Try it: The listing below holds a line with "text \<open>T_k(S) for" and a later line with "(\<exists>c. steps M". Write out those two lines and every line between them, exactly, and nothing else.

____

lemma eigenvalue_complete_bipartite_cases:
  assumes "0 < a" "0 < b"
    and "eigenvalue (distQ_matrix (a + b) (complete_bipartite a b)) l"
  shows "l = 2 * real a + real b - 4 \<or> l = real a + 2 * real b - 4 \<or>
         (l - (4 * real a + real b - 4)) * (l - (real a + 4 * real b - 4)) = real a * real b"
proof -
  let ?Q = "distQ_matrix (a + b) (complete_bipartite a b)"
  obtain v where v: "v \<in> carrier_vec (a + b)" "v \<noteq> 0\<^sub>v (a + b)" "?Q *\<^sub>v v = l \<cdot>\<^sub>v v"
    using assms(3) distQ_matrix_carrier[of "a + b" "complete_bipartite a b"]
    unfolding eigenvalue_def eigenvector_def by auto
  define SA where "SA = (\<Sum>j<a. v $ j)"
  define SB where "SB = (\<Sum>j\<in>{a..<a + b}. v $ j)"
  have entry: "(?Q *\<^sub>v v) $ i = l * v $ i" if "i < a + b" for i
    using v(1,3) that by (metis carrier_vecD index_smult_vec(1))
  have part_A: "(l - (2 * real a + real b - 4)) * v $ i = 2 * SA + SB" if "i < a" for i
    using entry[of i] distQ_matrix_complete_bipartite_mult_vec[OF assms(1,2) v(1), of i] that
    unfolding SA_def SB_def by (simp add: algebra_simps)
  have part_B: "(l - (real a + 2 * real b - 4)) * v $ i = SA + 2 * SB" if "a \<le> i" "i < a + b" for i
    using entry[of i] distQ_matrix_complete_bipartite_mult_vec[OF assms(1,2) v(1), of i] that
    unfolding SA_def SB_def by (simp add: algebra_simps)
  txt \<open>Summing the eigenvalue equation over each part gives the quotient system in SA, SB.\<close>
  have "(l - (2 * real a + real b - 4)) * SA = (\<Sum>i<a. (l - (2 * real a + real b - 4)) * v $ i)"
    by (simp add: SA_def sum_distrib_left)
  also have "\<dots> = real a * (2 * SA + SB)"
    using part_A by simp
  finally have sum_A: "(l - (4 * real a + real b - 4)) * SA = real a * SB"
    by (simp add: algebra_simps)
  have "(l - (real a + 2 * real b - 4)) * SB = (\<Sum>i\<in>{a..<a + b}. (l - (real a + 2 * real b - 4)) * v $ i)"
    by (simp add: SB_def sum_distrib_left)
  also have "\<dots> = real b * (SA + 2 * SB)"
    using part_B by simp
  finally have sum_B: "(l - (real a + 4 * real b - 4)) * SB = real b * SA"
    by (simp add: algebra_simps)
  show ?thesis
  proof (rule ccontr)
    assume "\<not> ?thesis"
    then have ne_A: "l \<noteq> 2 * real a + real b - 4" and ne_B: "l \<noteq> real a + 2 * real b - 4"
      and ne: "(l - (4 * real a + real b - 4)) * (l - (real a + 4 * real b - 4)) \<noteq> real a * real b"
      by auto
    have "(l - (4 * real a + real b - 4)) * (l - (real a + 4 * real b - 4)) * SA = real a * real b * SA"
      "(l - (4 * real a + real b - 4)) * (l - (real a + 4 * real b - 4)) * SB = real a * real b * SB"
      using sum_A sum_B by (metis mult.assoc mult.commute)+
    with ne have "SA = 0" "SB = 0" by simp_all
    have "v = 0\<^sub>v (a + b)"
    proof (rule eq_vecI)
      fix i assume "i < dim_vec (0\<^sub>v (a + b) :: real vec)"
      then show "v $ i = 0\<^sub>v (a + b) $ i"
        using part_A[of i] part_B[of i] ne_A ne_B \<open>SA = 0\<close> \<open>SB = 0\<close> by (cases "i < a") auto
    qed (use v(1) in simp)
    with v(2) show False ..
  qed
qed
record 'm msgset =
  msgs :: "'m set"
  npeers :: nat
  src :: "'m \<Rightarrow> nat"
  dst :: "'m \<Rightarrow> nat"

definition wf_msgset :: "'m msgset \<Rightarrow> bool" where
  "wf_msgset M \<longleftrightarrow> finite (msgs M) \<and> npeers M \<ge> 1 \<and>
     (\<forall>a\<in>msgs M. src M a \<noteq> dst M a \<and> src M a \<in> {1..npeers M} \<and> dst M a \<in> {1..npeers M})"

datatype 'm act = Send 'm | Recv 'm

fun actor :: "'m msgset \<Rightarrow> 'm act \<Rightarrow> nat" where
  "actor M (Send a) = src M a"
| "actor M (Recv a) = dst M a"

fun msg_of :: "'m act \<Rightarrow> 'm" where
  "msg_of (Send a) = a"
| "msg_of (Recv a) = a"

text \<open>sync [a1,...,ak] = !?a1 ... !?ak\<close>
definition sync :: "'m list \<Rightarrow> 'm act list" where
  "sync as = concat (map (\<lambda>a. [Send a, Recv a]) as)"

definition synchronous :: "'m act list \<Rightarrow> bool" where
  "synchronous \<tau> \<longleftrightarrow> (\<exists>as. \<tau> = sync as)"

definition proj_send :: "'m act list \<Rightarrow> 'm list" where
  "proj_send \<tau> = [a. Send a \<leftarrow> \<tau>]"

definition sent_on :: "'m msgset \<Rightarrow> nat \<Rightarrow> nat \<Rightarrow> 'm act list \<Rightarrow> 'm list" where
  "sent_on M i j \<tau> = filter (\<lambda>a. src M a = i \<and> dst M a = j) (proj_send \<tau>)"

definition recv_on :: "'m msgset \<Rightarrow> nat \<Rightarrow> nat \<Rightarrow> 'm act list \<Rightarrow> 'm list" where
  "recv_on M i j \<tau> = filter (\<lambda>a. src M a = i \<and> dst M a = j) [a. Recv a \<leftarrow> \<tau>]"

text \<open>buf_{i->j}(tau) is defined and equals w\<close>
definition buf_is :: "'m msgset \<Rightarrow> nat \<Rightarrow> nat \<Rightarrow> 'm act list \<Rightarrow> 'm list \<Rightarrow> bool" where
  "buf_is M i j \<tau> w \<longleftrightarrow> sent_on M i j \<tau> = recv_on M i j \<tau> @ w"

definition fifo_trace :: "'m msgset \<Rightarrow> 'm act list \<Rightarrow> bool" where
  "fifo_trace M \<tau> \<longleftrightarrow> (\<forall>\<tau>'. (\<exists>u. \<tau>' @ u = \<tau>) \<longrightarrow> (\<forall>i j. \<exists>w. buf_is M i j \<tau>' w))"

definition kbounded_trace :: "'m msgset \<Rightarrow> nat \<Rightarrow> 'm act list \<Rightarrow> bool" where
  "kbounded_trace M k \<tau> \<longleftrightarrow>
     (\<forall>\<tau>'. (\<exists>u. \<tau>' @ u = \<tau>) \<longrightarrow> (\<forall>i j. \<exists>w. buf_is M i j \<tau>' w \<and> length w \<le> k))"

record ('s, 'm) peer =
  states :: "'s set"
  init :: 's
  trans :: "('s \<times> 'm act \<times> 's) set"

type_synonym ('s, 'm) system = "nat \<Rightarrow> ('s, 'm) peer"

definition wf_system :: "'m msgset \<Rightarrow> ('s, 'm) system \<Rightarrow> bool" where
  "wf_system M S \<longleftrightarrow> (\<forall>i\<in>{1..npeers M}.
     finite (states (S i)) \<and> init (S i) \<in> states (S i) \<and>
     (\<forall>(q, x, q') \<in> trans (S i). q \<in> states (S i) \<and> q' \<in> states (S i) \<and>
        msg_of x \<in> msgs M \<and> actor M x = i))"

text \<open>configuration: control state of each peer, and channel contents w i j\<close>
type_synonym ('s, 'm) config = "(nat \<Rightarrow> 's) \<times> (nat \<Rightarrow> nat \<Rightarrow> 'm list)"

definition init_config :: "('s, 'm) system \<Rightarrow> ('s, 'm) config" where
  "init_config S = (\<lambda>i. init (S i), \<lambda>i j. [])"

definition stable :: "('s, 'm) config \<Rightarrow> bool" where
  "stable c \<longleftrightarrow> (\<forall>i j. snd c i j = [])"

fun step :: "'m msgset \<Rightarrow> ('s, 'm) system \<Rightarrow> ('s, 'm) config \<Rightarrow> 'm act \<Rightarrow> ('s, 'm) config \<Rightarrow> bool" where
  "step M S (q, w) (Send a) c' \<longleftrightarrow>
     (let i = src M a; j = dst M a in
      \<exists>q'. (q i, Send a, q') \<in> trans (S i) \<and>
            c' = (q(i := q'), w(i := (w i)(j := w i j @ [a]))))"
| "step M S (q, w) (Recv a) c' \<longleftrightarrow>
     (let i = src M a; j = dst M a in
      \<exists>q' rest. w i j = a # rest \<and> (q j, Recv a, q') \<in> trans (S j) \<and>
            c' = (q(j := q'), w(i := (w i)(j := rest))))"

fun steps :: "'m msgset \<Rightarrow> ('s, 'm) system \<Rightarrow> ('s, 'm) config \<Rightarrow> 'm act list \<Rightarrow> ('s, 'm) config \<Rightarrow> bool" where
  "steps M S c [] c' \<longleftrightarrow> c' = c"
| "steps M S c (x # xs) c' \<longleftrightarrow> (\<exists>c''. step M S c x c'' \<and> steps M S c'' xs c')"

text \<open>T_k(S) for k >= 1, and T_0(S) = synchronous executable traces\<close>
definition T :: "'m msgset \<Rightarrow> ('s, 'm) system \<Rightarrow> nat \<Rightarrow> 'm act list set" where
  "T M S k = {\<tau>. (if k = 0 then synchronous \<tau> else kbounded_trace M k \<tau>) \<and>
                 (\<exists>c. steps M S (init_config S) \<tau> c)}"

definition T_omega :: "'m msgset \<Rightarrow> ('s, 'm) system \<Rightarrow> 'm act list set" where
  "T_omega M S = (\<Union>k\<in>{1..}. T M S k)"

____

Solved exercise:
text \<open>T_k(S) for k >= 1, and T_0(S) = synchronous executable traces\<close>
definition T :: "'m msgset \<Rightarrow> ('s, 'm) system \<Rightarrow> nat \<Rightarrow> 'm act list set" where
  "T M S k = {\<tau>. (if k = 0 then synchronous \<tau> else kbounded_trace M k \<tau>) \<and>
                 (\<exists>c. steps M S (init_config S) \<tau> c)}"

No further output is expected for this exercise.